2019 NRA Leadership Forum
The 2019 NRA Leadership Forum in Indianapolis, Indiana / Stephen Gutowski

Analysis: The NRA’s Membership Problem

In testimony during Thursday’s NRA’s bankruptcy trial, CEO Wayne LaPierre said the gun-rights group currently has about 4.89 million dues-paying members, with about 2 million being lifetime members. That makes it by far the biggest gun group in America, but it also underscores a serious problem.

In 2013, LaPierre first announced the group had reached five million members. He said the group had added half a million members in the previous six months alone. He then promised to double the NRA’s numbers.

“By the time we’re finished, the NRA must and will be 10 million strong,” USA Today reported LaPierre saying at the group’s 2013 annual meeting.

Eight years later and the membership has not just stagnated but shrunk. While the Census shows the population grew by about 3.8 percent over that period, the NRA membership has apparently shrunk by about 2.2 percent.
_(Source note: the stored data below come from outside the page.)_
lemma image_sliding_block_code_cylinder:
  assumes wp: "weakly_progressive_order A n d m" and m: "m \<ge> 1" and n: "n \<ge> 1"
    and fin: "finite A" and dA: "\<forall>w\<in>words A n. d w \<in> A" and x: "x \<in> topspace (full_shift A)"
  shows "sliding_block_code n d ` cylinder A {..<n-1} x =
    {y \<in> topspace (full_shift A). y 0 \<in> (\<lambda>b. d (map x [0..<n-1] @ [b])) ` A}"
    (is "?f ` ?U = ?V")
proof
  let ?w = "map x [0..<n-1]"
  show "?f ` ?U \<subseteq> ?V"
  proof
    fix y assume "y \<in> ?f ` ?U"
    then obtain z where z: "z \<in> ?U" and y: "y = ?f z"
      by blast
    have zt: "z \<in> topspace (full_shift A)"
      using z by (simp add: cylinder_def topspace_full_shift)
    have "map z [0..<n-1] = ?w"
      using z by (simp add: cylinder_def)
    then have "y 0 = d (?w @ [z (n-1)])"
      using sliding_block_code_snoc[OF n, of d z 0] y by (metis add_0)
    then show "y \<in> ?V"
      using y sliding_block_code_in_topspace[OF dA zt] zt by (auto simp: topspace_full_shift)
  qed
  show "?V \<subseteq> ?f ` ?U"
  proof
    fix y assume "y \<in> ?V"
    then obtain b where y: "\<forall>i. y i \<in> A" and b: "b \<in> A" and y0: "d (?w @ [b]) = y 0"
      by (auto simp: topspace_full_shift)
    have "?w \<in> words A (n-1)"
      using x map_upt_in_words[of x A 0 "n-1"] by (simp add: topspace_full_shift)
    then obtain z where "\<forall>i. z i \<in> A" and "\<forall>i<n-1. z i = ?w ! i" and "?f z = y"
      using ex_sliding_block_code_preimage[OF wp m n fin dA y _ b y0] by blast
    then show "y \<in> ?f ` ?U"
      by (auto simp: cylinder_def)
  qed
qed

lemma inj_on_sliding_block_code_cylinder:
  assumes wp: "weakly_progressive_order A n d m" and m: "m \<ge> 1" and n: "n \<ge> 1"
    and dA: "\<forall>w\<in>words A n. d w \<in> A"
  shows "inj_on (sliding_block_code n d) (cylinder A {..<n-1} x)"
proof (rule inj_onI)
  fix z z' assume z: "z \<in> cylinder A {..<n-1} x" and z': "z' \<in> cylinder A {..<n-1} x"
    and eq: "sliding_block_code n d z = sliding_block_code n d z'"
  have zA: "\<forall>i. z i \<in> A" and z'A: "\<forall>i. z' i \<in> A"
    using z z' by (simp_all add: cylinder_def)
  have "z i = z' i" for i
  proof (induction i rule: less_induct)
    case (less i)
    show ?case
    proof (cases "i < n - 1")
      case True
      then show ?thesis
        using z z' by (simp add: cylinder_def)
    next
      case False
      then obtain k where i: "i = k + (n-1)"
        by (metis add.commute le_add_diff_inverse not_less)
      let ?v = "map z [k..<k+(n-1)]"
      have win: "map z' [k..<k+(n-1)] = ?v"
        using less i by simp
      have cons: "map g [k+(n-1)..<k+(n-1)+m] = g i # map g [k+n..<k+(n-1)+m]" for g :: "nat \<Rightarrow> 'a"
        using m n i by (simp add: upt_conv_Cons)
      have "p_map n d m ?v (z i # map z [k+n..<k+(n-1)+m]) = p_map n d m ?v (z' i # map z' [k+n..<k+(n-1)+m])"
        using p_map_sliding_block_code[OF n, of d m z k] p_map_sliding_block_code[OF n, of d m z' k]
        by (simp only: cons win eq)
      moreover have "map g [k+n..<k+(n-1)+m] \<in> words A (m-1)" if "\<forall>i. g i \<in> A" for g
        using that n by (auto simp: words_def)
      ultimately show ?thesis
        using weakly_progressive_order_unique[OF wp m n dA map_upt_in_words[OF zA]] zA z'A by blast
    qed
  qed
  then show "z = z'"
    by blast
qed

theorem theorem3p11:
  fixes A :: "'a set" and n :: nat and d :: "'a list \<Rightarrow> 'a"
  assumes "finite A"
    and "n \<ge> 1"
    and "\<forall>w\<in>words A n. d w \<in> A"
    and "weakly_progressive A n d"
  shows "local_homeomorphism_map (full_shift A) (full_shift A) (sliding_block_code n d)"
proof -
  obtain m where m: "m \<ge> 1" and wp: "weakly_progressive_order A n d m"
    using assms(4) unfolding weakly_progressive_def by blast
  show ?thesis
  proof (rule local_homeomorphism_map_compact_Hausdorff[OF compact_space_full_shift[OF assms(1)]
        Hausdorff_space_full_shift continuous_map_sliding_block_code[OF assms(3)]])
    fix x assume x: "x \<in> topspace (full_shift A)"
    let ?U = "cylinder A {..<n-1} x"
    show "\<exists>U. openin (full_shift A) U \<and> closedin (full_shift A) U \<and> x \<in> U \<and>
        openin (full_shift A) (sliding_block_code n d ` U) \<and> inj_on (sliding_block_code n d) U"
    proof (intro exI[of _ ?U] conjI)
      show "openin (full_shift A) ?U"
        by (rule openin_cylinder) simp
      show "closedin (full_shift A) ?U"
        by (rule closedin_cylinder)
      show "x \<in> ?U"
        using x by (simp add: cylinder_def topspace_full_shift)
      show "openin (full_shift A) (sliding_block_code n d ` ?U)"
        unfolding image_sliding_block_code_cylinder[OF wp m assms(2,1,3) x]
        by (rule openin_full_shift_coordinate)
      show "inj_on (sliding_block_code n d) ?U"
        by (rule inj_on_sliding_block_code_cylinder[OF wp m assms(2,3)])
    qed
  qed
qed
If the NRA’s membership has hit a ceiling, that’s significant, and it’s a bad sign for the most influential gun-rights group on the planet. It’s also a bad sign for NRA leadership’s argument in their current argument in the bankruptcy case. NRA leadership has repeatedly argued the LaPierre is the driving force behind fundraising at the organization, and it could not operate anywhere as effectively without him. But LaPierre has not only failed to meet his self-set 2013 goal of doubling NRA membership; membership has actually receded by his own account.

I reached out to the NRA for comment on the membership numbers but did not hear back before publication.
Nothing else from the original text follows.